G [I]=g[j]=xg[I]=g[j]=xg[I]=xg[I]=g[j]=xg[I]=g[j]=x: this means that some value XXX can be used as the last digit of the ascending subsequence of length iii as well as the last digit of the ascending subsequence of length JJJ. According to our definition of GGG array, g[I]=xg[I]=xg[I]=x means that the "minimum ending element" in all the ascending subsequence of length iii is XXX, but at the same time, because g[j]=xg[j] =xg[j] =x, and the "ascending subsequence" must be "strictly monotonous". So we can find a valid value smaller than g[I]g[I]g[I]g[I]g[I] by removing the elements following a subsequence of length JJJ (adjusting for a subsequence of length III).

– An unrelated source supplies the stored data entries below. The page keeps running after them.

(* Let $Z_0,Z_1$ be i.i.d. ${\mathsf N}(0,1)$, independent of $(W,U)\sim\mu_{W,U}$, and let $h:\mathbb{R}^2\to\mathbb{R}$ be continuous. For any fixed $\omega_0> 0$, the function $$a\mapsto\frac1{a^2}\mathbb{E}\big[\mathbb{E}[Z_0\mid h(aZ_0+(\omega_0^2-a^2)^{1/2}Z_1,W),U,Z_1]^2\big]$$ is non-increasing in $a\in(0,\omega_0]$.
   Context: $\mu_{W,U}$ is a probability distribution on $\mathbb{R}^2$. *)

theory Defs
  imports "HOL-Probability.Probability"
begin

definition cond_sigma ::
  "'a measure \<Rightarrow> (real \<times> real \<Rightarrow> real) \<Rightarrow> ('a \<Rightarrow> real) \<Rightarrow> ('a \<Rightarrow> real)
     \<Rightarrow> ('a \<Rightarrow> real \<times> real) \<Rightarrow> real \<Rightarrow> real \<Rightarrow> 'a measure" where
  "cond_sigma M h Z0 Z1 WU w0 a =
     vimage_algebra (space M)
       (\<lambda>x. (h (a * Z0 x + sqrt (w0\<^sup>2 - a\<^sup>2) * Z1 x, fst (WU x)), snd (WU x), Z1 x))
       (borel :: (real \<times> real \<times> real) measure)"

definition lemma12_fun ::
  "'a measure \<Rightarrow> (real \<times> real \<Rightarrow> real) \<Rightarrow> ('a \<Rightarrow> real) \<Rightarrow> ('a \<Rightarrow> real)
     \<Rightarrow> ('a \<Rightarrow> real \<times> real) \<Rightarrow> real \<Rightarrow> real \<Rightarrow> real" where
  "lemma12_fun M h Z0 Z1 WU w0 a =
     (1 / a\<^sup>2) * (\<integral>x. (real_cond_exp M (cond_sigma M h Z0 Z1 WU w0 a) Z0 x)\<^sup>2 \<partial>M)"

end

theory Submission
  imports Defs
begin

(* Write Q(t) = E[E[Z0 | F_t]^2], where F_t is generated by the observation
   (h(t Z0 + c_t Z1, W), U, Z1) with c_t = sqrt(w0^2 - t^2). Q only depends on the joint law,
   so one may work on the product space N(0,1) x N(0,1) x mu. Given 0 < a < b <= w0, adjoin a
   further independent standard normal p. A rotation of (p, Z0, Z1) produces i.i.d. standard
   normals (p', Z0', Z1'), still independent of (W, U), with b Z0' + c_b Z1' = a Z0 + c_a Z1
   and Z1' a linear combination of p and Z1. So the b-observation built from (Z0', Z1')
   generates a sub-sigma-algebra F' of G = sigma(p, F_a). Moreover a Z0' = b Z0 - s p' with
   s = sqrt(b^2 - a^2), and p' is independent of F'. Hence E[Z0' | F'] = (b/a) E[E[Z0 | G] | F'],
   and Jensen gives Q(b) <= (b/a)^2 E[E[Z0 | G]^2] = (b/a)^2 Q(a), the last step because p is
   independent of everything else. *)

section \<open>Conditional expectation given a random variable\<close>

lemma sigma_finite_subalgebra_vimage_algebra:
  assumes "prob_space M" and "V \<in> measurable M S"
  shows "sigma_finite_subalgebra M (vimage_algebra (space M) V S)"
proof -
  interpret prob_space M by fact
  have "subalgebra M (vimage_algebra (space M) V S)"
    unfolding subalgebra_def using sets_image_in_sets[OF refl assms(2)] by simp
  then interpret finite_measure_subalgebra M "vimage_algebra (space M) V S"
    by unfold_locales
  show ?thesis by unfold_locales
qed

lemma measurable_vimage_algebra_comp:
  assumes "W \<in> \<Omega> \<rightarrow> space L" and "\<phi> \<in> measurable L K" and "\<And>x. x \<in> \<Omega> \<Longrightarrow> V x = \<phi> (W x)"
  shows "V \<in> measurable (vimage_algebra \<Omega> W L) K"
proof -
  have "(\<lambda>x. \<phi> (W x)) \<in> measurable (vimage_algebra \<Omega> W L) K"
    using measurable_vimage_algebra1[OF assms(1)] assms(2) by measurable
  then show ?thesis
    by (rule measurable_cong[THEN iffD1, rotated]) (simp add: assms(3))
qed

lemma measurable_vimage_algebra_factor:
  assumes "T \<in> \<Omega> \<rightarrow> space S" and "W \<in> \<Omega> \<rightarrow> space L" and "\<phi> \<in> measurable L K"
    and "\<And>x. x \<in> \<Omega> \<Longrightarrow> v (T x) = \<phi> (W x)"
  shows "T \<in> measurable (vimage_algebra \<Omega> W L) (vimage_algebra (space S) v K)"
  using assms by (intro measurable_vimage_algebra2 measurable_vimage_algebra_comp) auto

lemma subalgebra_vimage_algebra_factor:
  assumes "W \<in> \<Omega> \<rightarrow> space L" and "\<phi> \<in> measurable L K" and "\<And>x. x \<in> \<Omega> \<Longrightarrow> V x = \<phi> (W x)"
  shows "subalgebra (vimage_algebra \<Omega> W L) (vimage_algebra \<Omega> V K)"
  using sets_image_in_sets[OF _ measurable_vimage_algebra_comp[OF assms]]
  by (simp add: subalgebra_def)

lemma (in prob_space) distr_pair_snd:
  assumes "sigma_finite_measure K"
  shows "distr (M \<Otimes>\<^sub>M K) K snd = K"
proof (rule measure_eqI)
  interpret K: sigma_finite_measure K by fact
  interpret pair_sigma_finite M K ..
  fix A assume "A \<in> sets (distr (M \<Otimes>\<^sub>M K) K snd)"
  then have A: "A \<in> sets K" by simp
  then have "emeasure (distr (M \<Otimes>\<^sub>M K) K snd) A = emeasure (M \<Otimes>\<^sub>M K) (space M \<times> A)"
    by (auto simp: emeasure_distr space_pair_measure dest: sets.sets_into_space
        intro!: arg_cong2[where f=emeasure])
  also have "\<dots> = emeasure K A"
    using A by (simp add: K.emeasure_pair_measure_Times emeasure_space_1)
  finally show "emeasure (distr (M \<Otimes>\<^sub>M K) K snd) A = emeasure K A" .
qed simp

lemma integrable_pair_fst:
  fixes f :: "'a \<Rightarrow> real"
  assumes "sigma_finite_measure M" and "prob_space N" and "integrable M f"
  shows "integrable (M \<Otimes>\<^sub>M N) (\<lambda>x. f (fst x))"
proof -
  interpret N: prob_space N by fact
  show ?thesis
    using integrable_distr_eq[of fst "M \<Otimes>\<^sub>M N" M f] assms(3) by (simp add: N.distr_pair_fst)
qed

lemma integrable_pair_snd:
  fixes f :: "'b \<Rightarrow> real"
  assumes "prob_space M" and "sigma_finite_measure N" and "integrable N f"
  shows "integrable (M \<Otimes>\<^sub>M N) (\<lambda>x. f (snd x))"
  using integrable_distr_eq[of snd "M \<Otimes>\<^sub>M N" N f] assms
  by (simp add: prob_space.distr_pair_snd)

lemma integral_indicator_vimage_real_cond_exp:
  fixes f :: "'a \<Rightarrow> real"
  assumes "prob_space M" and "V \<in> measurable M S" and "integrable M f" and "C \<in> sets S"
  shows "(\<integral>x. indicator C (V x) * real_cond_exp M (vimage_algebra (space M) V S) f x \<partial>M)
       = (\<integral>x. indicator C (V x) * f x \<partial>M)"
proof -
  let ?F = "vimage_algebra (space M) V S"
  interpret sigma_finite_subalgebra M ?F
    by (rule sigma_finite_subalgebra_vimage_algebra[OF assms(1,2)])
  have B: "V -` C \<inter> space M \<in> sets ?F" by (rule in_vimage_algebra[OF assms(4)])
  have "(\<integral>x. indicator C (V x) * g x \<partial>M) = (\<integral>x\<in>V -` C \<inter> space M. g x \<partial>M)" for g :: "'a \<Rightarrow> real"
    unfolding set_lebesgue_integral_def
    by (intro Bochner_Integration.integral_cong) (auto simp: indicator_def)
  then show ?thesis
    using real_cond_exp_intA[OF assms(3) B] by simp
qed

lemma real_cond_exp_vimage_charact:
  fixes f g :: "'a \<Rightarrow> real"
  assumes "prob_space M" and "V \<in> measurable M S"
    and "integrable M f" and "integrable M g"
    and "g \<in> borel_measurable (vimage_algebra (space M) V S)"
    and "\<And>C. C \<in> sets S \<Longrightarrow> (\<integral>x. indicator C (V x) * f x \<partial>M) = (\<integral>x. indicator C (V x) * g x \<partial>M)"
  shows "AE x in M. real_cond_exp M (vimage_algebra (space M) V S) f x = g x"
proof -
  interpret sigma_finite_subalgebra M "vimage_algebra (space M) V S"
    by (rule sigma_finite_subalgebra_vimage_algebra[OF assms(1,2)])
  show ?thesis
  proof (rule real_cond_exp_charact[OF _ assms(3-5)])
    fix A assume "A \<in> sets (vimage_algebra (space M) V S)"
    then obtain C where C: "C \<in> sets S" and A: "A = V -` C \<inter> space M"
      using sets_vimage_algebra2[of V "space M" S] measurable_space[OF assms(2)] by auto
    have "(\<integral>x\<in>A. h x \<partial>M) = (\<integral>x. indicator C (V x) * h x \<partial>M)" for h :: "'a \<Rightarrow> real"
      unfolding set_lebesgue_integral_def A
      by (intro Bochner_Integration.integral_cong) (auto simp: indicator_def)
    then show "(\<integral>x\<in>A. f x \<partial>M) = (\<integral>x\<in>A. g x \<partial>M)"
      using assms(6)[OF C] by simp
  qed
qed

lemma real_cond_exp_distr:
  fixes f :: "'b \<Rightarrow> real"
  assumes M: "prob_space M" and T[measurable]: "T \<in> measurable M S"
    and [measurable]: "f \<in> borel_measurable S" and fi: "integrable (distr M S T) f"
    and v[measurable]: "v \<in> measurable S K"
  shows "AE x in M. real_cond_exp M (vimage_algebra (space M) (\<lambda>x. v (T x)) K) (\<lambda>x. f (T x)) x
          = real_cond_exp (distr M S T) (vimage_algebra (space S) v K) f (T x)"
proof -
  let ?L = "distr M S T"
  let ?g = "real_cond_exp ?L (vimage_algebra (space S) v K) f"
  have L: "prob_space ?L" using M by (rule prob_space.prob_space_distr) simp
  interpret FL: sigma_finite_subalgebra ?L "vimage_algebra (space S) v K"
    using sigma_finite_subalgebra_vimage_algebra[OF L, of v K] by simp
  have "T \<in> measurable (vimage_algebra (space M) (\<lambda>x. v (T x)) K) (vimage_algebra (space S) v K)"
    by (rule measurable_vimage_algebra_factor[where \<phi>=id])
       (use measurable_space[OF T] measurable_space[OF v] in auto)
  then have gT: "(\<lambda>x. ?g (T x)) \<in> borel_measurable (vimage_algebra (space M) (\<lambda>x. v (T x)) K)"
    by measurable
  have gi: "integrable ?L ?g" by (rule FL.real_cond_exp_int(1)[OF fi])
  show ?thesis
  proof (rule real_cond_exp_vimage_charact[OF M _ _ _ gT])
    show "integrable M (\<lambda>x. f (T x))" "integrable M (\<lambda>x. ?g (T x))"
      using fi gi by (simp_all add: integrable_distr_eq)
    fix C assume [measurable]: "C \<in> sets K"
    have "(\<integral>x. indicator C (v (T x)) * f (T x) \<partial>M) = (\<integral>y. indicator C (v y) * f y \<partial>?L)"
      by (simp add: integral_distr)
    also have "\<dots> = (\<integral>y. indicator C (v y) * ?g y \<partial>?L)"
      using integral_indicator_vimage_real_cond_exp[OF L _ fi, of v K C] by simp
    also have "\<dots> = (\<integral>x. indicator C (v (T x)) * ?g (T x) \<partial>M)"
      by (simp add: integral_distr)
    finally show "(\<integral>x. indicator C (v (T x)) * f (T x) \<partial>M) = (\<integral>x. indicator C (v (T x)) * ?g (T x) \<partial>M)" .
  qed measurable
qed

lemma integral_real_cond_exp_sq_distr:
  fixes f :: "'b \<Rightarrow> real"
  assumes "prob_space M" and [measurable]: "T \<in> measurable M S"
    and [measurable]: "f \<in> borel_measurable S" and "integrable (distr M S T) f"
    and [measurable]: "v \<in> measurable S K"
  shows "(\<integral>x. (real_cond_exp M (vimage_algebra (space M) (\<lambda>x. v (T x)) K) (\<lambda>x. f (T x)) x)\<^sup>2 \<partial>M)
       = (\<integral>y. (real_cond_exp (distr M S T) (vimage_algebra (space S) v K) f y)\<^sup>2 \<partial>distr M S T)"
proof -
  have "(\<integral>x. (real_cond_exp M (vimage_algebra (space M) (\<lambda>x. v (T x)) K) (\<lambda>x. f (T x)) x)\<^sup>2 \<partial>M)
     = (\<integral>x. (real_cond_exp (distr M S T) (vimage_algebra (space S) v K) f (T x))\<^sup>2 \<partial>M)"
    by (rule integral_cong_AE) (use real_cond_exp_distr[OF assms] in auto)
  also have "\<dots> = (\<integral>y. (real_cond_exp (distr M S T) (vimage_algebra (space S) v K) f y)\<^sup>2 \<partial>distr M S T)"
    by (simp add: integral_distr)
  finally show ?thesis .
qed

lemma real_cond_exp_pair_indep_fst:
  fixes f :: "'b \<Rightarrow> real"
  assumes N: "prob_space N" and K: "prob_space K"
    and fi: "integrable K f" and v[measurable]: "v \<in> measurable K S"
  shows "AE \<omega> in N \<Otimes>\<^sub>M K. real_cond_exp (N \<Otimes>\<^sub>M K)
            (vimage_algebra (space (N \<Otimes>\<^sub>M K)) (\<lambda>\<omega>. (fst \<omega>, v (snd \<omega>))) (N \<Otimes>\<^sub>M S)) (\<lambda>\<omega>. f (snd \<omega>)) \<omega>
          = real_cond_exp K (vimage_algebra (space K) v S) f (snd \<omega>)"
proof -
  interpret K: prob_space K by fact
  interpret pair_prob_space N K by (simp add: pair_prob_space_def pair_sigma_finite_def N K prob_space_imp_sigma_finite)
  let ?g = "real_cond_exp K (vimage_algebra (space K) v S) f"
  have [measurable]: "f \<in> borel_measurable K" using fi by measurable
  have gi: "integrable K ?g"
    by (rule sigma_finite_subalgebra.real_cond_exp_int(1)[OF sigma_finite_subalgebra_vimage_algebra[OF K v] fi])
  have fP: "integrable (N \<Otimes>\<^sub>M K) (\<lambda>\<omega>. f (snd \<omega>))" and gP: "integrable (N \<Otimes>\<^sub>M K) (\<lambda>\<omega>. ?g (snd \<omega>))"
    using integrable_pair_snd[OF N K.sigma_finite_measure_axioms] fi gi by auto
  have "snd \<in> measurable (vimage_algebra (space (N \<Otimes>\<^sub>M K)) (\<lambda>\<omega>. (fst \<omega>, v (snd \<omega>))) (N \<Otimes>\<^sub>M S))
      (vimage_algebra (space K) v S)"
    by (rule measurable_vimage_algebra_factor[where \<phi>=snd])
       (use measurable_space[OF v] in \<open>auto simp: space_pair_measure\<close>)
  then have gm: "(\<lambda>\<omega>. ?g (snd \<omega>)) \<in> borel_measurable
      (vimage_algebra (space (N \<Otimes>\<^sub>M K)) (\<lambda>\<omega>. (fst \<omega>, v (snd \<omega>))) (N \<Otimes>\<^sub>M S))"
    by measurable
  show ?thesis
  proof (rule real_cond_exp_vimage_charact[OF prob_space_axioms _ fP gP gm])
    fix C assume C[measurable]: "C \<in> sets (N \<Otimes>\<^sub>M S)"
    have slice: "(\<integral>k. indicator C (x, v k) * f k \<partial>K) = (\<integral>k. indicator C (x, v k) * ?g k \<partial>K)" for x
      using integral_indicator_vimage_real_cond_exp[OF K v fi sets_Pair1[OF C, of x]] by (simp add: indicator_def)
    have "integrable (N \<Otimes>\<^sub>M K) (\<lambda>\<omega>. indicator C (fst \<omega>, v (snd \<omega>)) * h (snd \<omega>))"
      if "integrable (N \<Otimes>\<^sub>M K) (\<lambda>\<omega>. h (snd \<omega>))" and [measurable]: "h \<in> borel_measurable K"
      for h :: "'b \<Rightarrow> real"
      by (rule Bochner_Integration.integrable_bound[OF that(1)]) (auto simp: indicator_def)
    then show "(\<integral>\<omega>. indicator C (fst \<omega>, v (snd \<omega>)) * f (snd \<omega>) \<partial>(N \<Otimes>\<^sub>M K))
        = (\<integral>\<omega>. indicator C (fst \<omega>, v (snd \<omega>)) * ?g (snd \<omega>) \<partial>(N \<Otimes>\<^sub>M K))"
      using integral_fst'[of "\<lambda>\<omega>. indicator C (fst \<omega>, v (snd \<omega>)) * f (snd \<omega>)"]
        integral_fst'[of "\<lambda>\<omega>. indicator C (fst \<omega>, v (snd \<omega>)) * ?g (snd \<omega>)"] fP gP
        borel_measurable_integrable[OF gi]
      by (simp add: slice)
  qed measurable
qed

In other words, we find an ascending subsequence of length III, and the last element must be strictly less than XXX. G [I]=g[j]= g[I]=g[j]=xg[I]=g[j]=xg[I]=g[j]=x

G [I]g[j]=xg[I]g[j]=xg[I]=xg[I]g[j]=xg[I]g[j]=xg[I]=xg[I]=xg[I]=xg[I]=xg[I]=xg[I]=xg[I]g[j]=x G [I]g[j]g[I]g[j]g[I]g[j]

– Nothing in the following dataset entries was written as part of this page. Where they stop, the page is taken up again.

lemma ad_eq_0_if_symmetric_tensor:
  assumes T: "T \<in> tensors {..<d} (Suc n)" and sym: "symmetric_tensor (Suc n) T"
  shows "ad d T = (\<lambda>_. 0)"
proof
  fix w
  have swap: "T (i # u[q := j]) = T (j # u[q := i])" if "q < length u" for i j u q
  proof (cases "length u = n")
    case True
    then show ?thesis
      using symmetric_tensorD[OF sym, of "i # u[q := j]" "Transposition.transpose 0 (Suc q)"] that
      by (simp add: permute_list_transpose_0_Suc permutes_swap_id)
  next
    case False
    then show ?thesis using T by (simp add: tensors_def words_def)
  qed
  have "ad_term d T w q = 0" if "w \<in> words (Lbasis d) (length w)" "q < length w" for q
  proof (cases "w!q")
    case (LV k)
    then show ?thesis by (rule ad_term_LV)
  next
    case (LW i j)
    have "w!q \<in> Lbasis d" using that by (auto simp: words_def)
    then have "i < j" "j < d" using LW by (auto simp: Lbasis_def)
    then show ?thesis
      using that swap[of q "map unLV w" j i]
      by (auto simp: ad_term_LW[OF LW] emb_list_update_LV slice_def)
  qed
  then show "ad d T w = 0" by (simp add: ad_eq_sum_ad_term)
qed

lemma ad_eq_0_iff_symmetric_tensor:
  "T \<in> tensors {..<d} (Suc n) \<Longrightarrow> ad d T = (\<lambda>_. 0) \<longleftrightarrow> symmetric_tensor (Suc n) T"
  using symmetric_tensor_if_ad_eq_0 ad_eq_0_if_symmetric_tensor by blast

lemma VtensS_diff:
  assumes "T \<in> VtensS d lam" "T' \<in> VtensS d lam"
  shows "(\<lambda>w. T w - T' w) \<in> VtensS d lam"
proof -
  have "slice (\<lambda>w. T w - T' w) a = (\<lambda>u. slice T a u - slice T' a u)" for a
    by (simp add: slice_def)
  then show ?thesis using assms by (auto simp: VtensS_def tensors_def intro: schur_diff)
qed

According to the total order relation, in proving g [j] [I] = g g [I] [I] [j] g = g = g [j] and [j] [I] g g g [I] [I] g [j] g g [j] after constant was not available g [j] [I] g g [I] [I] [j] g g g [j] constant was established.
So far, we prove that the GGG array has monotonicity, thus proving that every f[I]f[I]f[I]f[I] is the same as the value obtained by the naive LIS solution, that is, the greedy solution is correct.

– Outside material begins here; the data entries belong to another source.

lemma square_mult_integrand_less_tail_integral:
  fixes X E g :: "real \<Rightarrow> real" and X0 c r :: real
  assumes deriv: "\<And>x. x > 0 \<Longrightarrow> (X has_real_derivative E x) (at x)"
    and mono: "mono_on {0<..} E" and E_pos: "\<And>x. x > 0 \<Longrightarrow> E x > 0"
    and lim: "(X \<longlongrightarrow> X0) (at_right 0)" and "X0 < c" and "r > 0"
    and g: "g = (\<lambda>s. (X s - c) / s^4 * E s)"
    and g_int: "g integrable_on {r..}" and I_pos: "integral {r..} g > 0"
  shows "r^2 * g r < 2 * r * integral {r..} g"
proof (cases "X r \<le> c")
  case True
  then have "g r \<le> 0"
    using \<open>r > 0\<close> E_pos[of r] by (simp add: g divide_nonpos_pos mult_nonpos_nonneg)
  then have "r^2 * g r \<le> 0" by (simp add: mult_nonneg_nonpos)
  moreover have "2 * r * integral {r..} g > 0" using I_pos \<open>r > 0\<close> by simp
  ultimately show ?thesis by linarith
next
  case False
  define W where "W = X r - c"
  define e where "e = E r"
  have W: "W > 0" and e: "e > 0" using False E_pos \<open>r > 0\<close> by (auto simp: W_def e_def)
  have "X r - X0 \<le> r * e"
    unfolding e_def using deriv mono E_pos[of r] \<open>r > 0\<close>
    by (intro diff_limit_at_right_le_mono_derivative[OF _ _ _ lim]) auto
  with \<open>X0 < c\<close> have W_less: "W < r * e" by (simp add: W_def)
  have lower: "(e * (W - r * e) + e^2 * s) / s^4 \<le> g s" if "s \<in> {r..}" for s
  proof -
    have s: "s \<ge> r" "s > 0" using that \<open>r > 0\<close> by auto
    have "mono_on {r..s} E" using \<open>r > 0\<close> by (auto intro: mono_on_subset[OF mono])
    then have "(s - r) * e \<le> X s - X r"
      unfolding e_def using s deriv \<open>r > 0\<close> by (intro mono_derivative_secant_bounds(1)) auto
    then have X_lower: "W + (s - r) * e \<le> X s - c" by (simp add: W_def)
    have "e \<le> E s" using mono s \<open>r > 0\<close> by (auto simp: e_def intro: mono_onD)
    have "0 \<le> W + (s - r) * e" using W e s by simp
    have "(e * (W - r * e) + e^2 * s) / s^4 = (W + (s - r) * e) * e / s^4"
      by (simp add: algebra_simps power2_eq_square)
    also have "\<dots> \<le> (X s - c) * E s / s^4"
      using X_lower \<open>e \<le> E s\<close> \<open>0 \<le> W + (s - r) * e\<close> e
      by (intro divide_right_mono mult_mono) auto
    finally show ?thesis by (simp add: g)
  qed
  have "e * (W - r * e) / (3 * r^3) + e^2 / (2 * r^2) \<le> integral {r..} g"
    using has_integral_affine_div_power4[OF \<open>r > 0\<close>] integrable_integral[OF g_int] lower
    by (rule has_integral_le)
  then have "2 * r * (e * (W - r * e) / (3 * r^3) + e^2 / (2 * r^2)) \<le> 2 * r * integral {r..} g"
    using \<open>r > 0\<close> by simp
  moreover have "2 * r * (e * (W - r * e) / (3 * r^3) + e^2 / (2 * r^2)) - r^2 * g r
      = e * (r * e - W) / (3 * r^2)"
    using \<open>r > 0\<close> by (simp add: g W_def e_def field_simps eval_nat_numeral)
  moreover have "e * (r * e - W) / (3 * r^2) > 0" using e W_less \<open>r > 0\<close> by simp
  ultimately show ?thesis by linarith
qed

lemma strict_mono_on_square_mult_tail_integral:
  fixes X E g :: "real \<Rightarrow> real" and X0 c a :: real
  assumes deriv: "\<And>x. x > 0 \<Longrightarrow> (X has_real_derivative E x) (at x)"
    and mono: "mono_on {0<..} E" and E_pos: "\<And>x. x > 0 \<Longrightarrow> E x > 0"
    and E_cont: "continuous_on {0<..} E"
    and lim: "(X \<longlongrightarrow> X0) (at_right 0)" and "X0 < c" and "a \<ge> 0"
    and g: "g = (\<lambda>s. (X s - c) / s^4 * E s)"
    and I_pos: "\<And>r. r > a \<Longrightarrow> integral {r..} g > 0"
  shows "strict_mono_on {a<..} (\<lambda>r. r^2 * integral {r..} g)"
proof -
  have g_int: "g integrable_on {r..}" if "r > a" for r
  proof (rule ccontr)
    assume "\<not> g integrable_on {r..}"
    then have "integral {r..} g = 0" by (rule not_integrable_integral)
    with I_pos[OF that] show False by simp
  qed
  have sub: "{a<..} \<subseteq> {0<..}" using \<open>a \<ge> 0\<close> by auto
  have "continuous_on {0<..} X"
    using deriv by (intro DERIV_continuous_on) (auto intro: has_field_derivative_at_within)
  then have g_cont: "continuous_on {a<..} g"
    unfolding g using sub
    by (intro continuous_intros continuous_on_subset[OF _ sub] E_cont) auto
  have deriv_tail: "((\<lambda>r. r^2 * integral {r..} g) has_real_derivative
      2 * r * integral {r..} g - r^2 * g r) (at r)" if "r > a" for r
    using has_real_derivative_integral_atLeast[OF g_cont g_int that]
    by (auto intro!: derivative_eq_intros)
  have deriv_tail_pos: "2 * r * integral {r..} g - r^2 * g r > 0" if "r > a" for r
    using square_mult_integrand_less_tail_integral[OF deriv mono E_pos lim \<open>X0 < c\<close> _ g g_int I_pos]
      that \<open>a \<ge> 0\<close> by simp
  show ?thesis
  proof (rule strict_mono_onI)
    fix x y assume "x \<in> {a<..}" "x < y"
    show "x^2 * integral {x..} g < y^2 * integral {y..} g"
    proof (rule DERIV_pos_imp_increasing[OF \<open>x < y\<close>])
      fix z assume "x \<le> z"
      with \<open>x \<in> {a<..}\<close> have "z > a" by simp
      with deriv_tail deriv_tail_pos
      show "\<exists>d. ((\<lambda>r. r^2 * integral {r..} g) has_real_derivative d) (at z) \<and> d > 0"
        by blast
    qed
  qed
qed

Dynamic programming + greed + dichotomy
According to "basic analysis proof", by maintaining a greedy array GGG, to update the rules array FFF, after "the longest increasing subsequence" length is obtained, using the "" public subsequence" and "increasing subsequence" "onetoone correspondence relationship, can be concluded that" the longest common subsequence length ", so as to find out the answer.
Java code:
class Solution {
public int minOperations(int[] t, int[] arr) {
int n = t.length, m = arr.length;
MapInteger, Integer map = new HashMap();
for (int i = 0; i n; i++) {
map.put(t[i], i);
}
ListInteger list = new ArrayList();
for (int i = 0; i m; i++) {
int x = arr[i];
if (map.containsKey(x)) list.add(map.get(x));
}
int len = list.size();
int[] f = new int[len], g = new int[len + 1];
Arrays.fill(g, Integer.MAX_VALUE);
int max = 0;
for (int i = 0; i len; i++) {
int l = 0, r = len;
while (l r) {
int mid = l + r + 1 1;
if (g[mid] list.get(i)) l = mid;
else r = mid  1;
}
int clen = r + 1;
f[i] = clen;
g[clen] = Math.min(g[clen], list.get(i));
max = Math.max(max, clen);
}
returnn  max; }}Copy the code
Python 3 code:
class Solution:
def minOperations(self, t: List[int], arr: List[int])  int:
n, m = len(t), len(arr)
map = {num:i for i,num in enumerate(t)}
lt = []
for i in range(m):
x = arr[i]
if x in map:
lt.append(map[x])
length = len(lt)
f, g = [0] * length, [inf] * (length + 1)
maximum = 0
for i in range(length):
l, r = 0, length
while l r:
mid = l + r + 1 1
if g[mid] lt[i]:
l = mid
else:
r = mid  1
clen = r + 1
f[i] = clen
g[clen] = min(g[clen], lt[i])
maximum = max(maximum, clen)
return n  maximum
Copy the code
 Time complexity: the subscript mapping relationship of targettargettarget is obtained by O(n)O(n)O(n) O(n) complexity; Get the mapping array listListList by O(m)O(m)O(m) O(m) complexity; The complexity of greedy LIS solution is O(mlogm)O(m\log{m})O(mlogm). O(n+mlogm)O(n +m \log{m})O(n+mlogm)
 Space complexity: O(n+m)O(n +m)O(n +m)
The last
This is article No.1713 in our "Brush through LeetCode" series, which began on 2021/01/01. As of the start date, there are 1916 questions on LeetCode, some with locks, and we will first brush through all the questions without locks.
In this series of articles, in addition to explaining how to solve the problem, I'll give you the most concise code possible. If the general solution is involved, the corresponding code template will be provided.
In order to facilitate the students to debug and submit the code on the computer, I set up a related warehouse: github.com/SharingSour... .
In the repository address, you can see the solution to the series, the corresponding code to the series, the LeetCode link, and other preferred solutions to the series.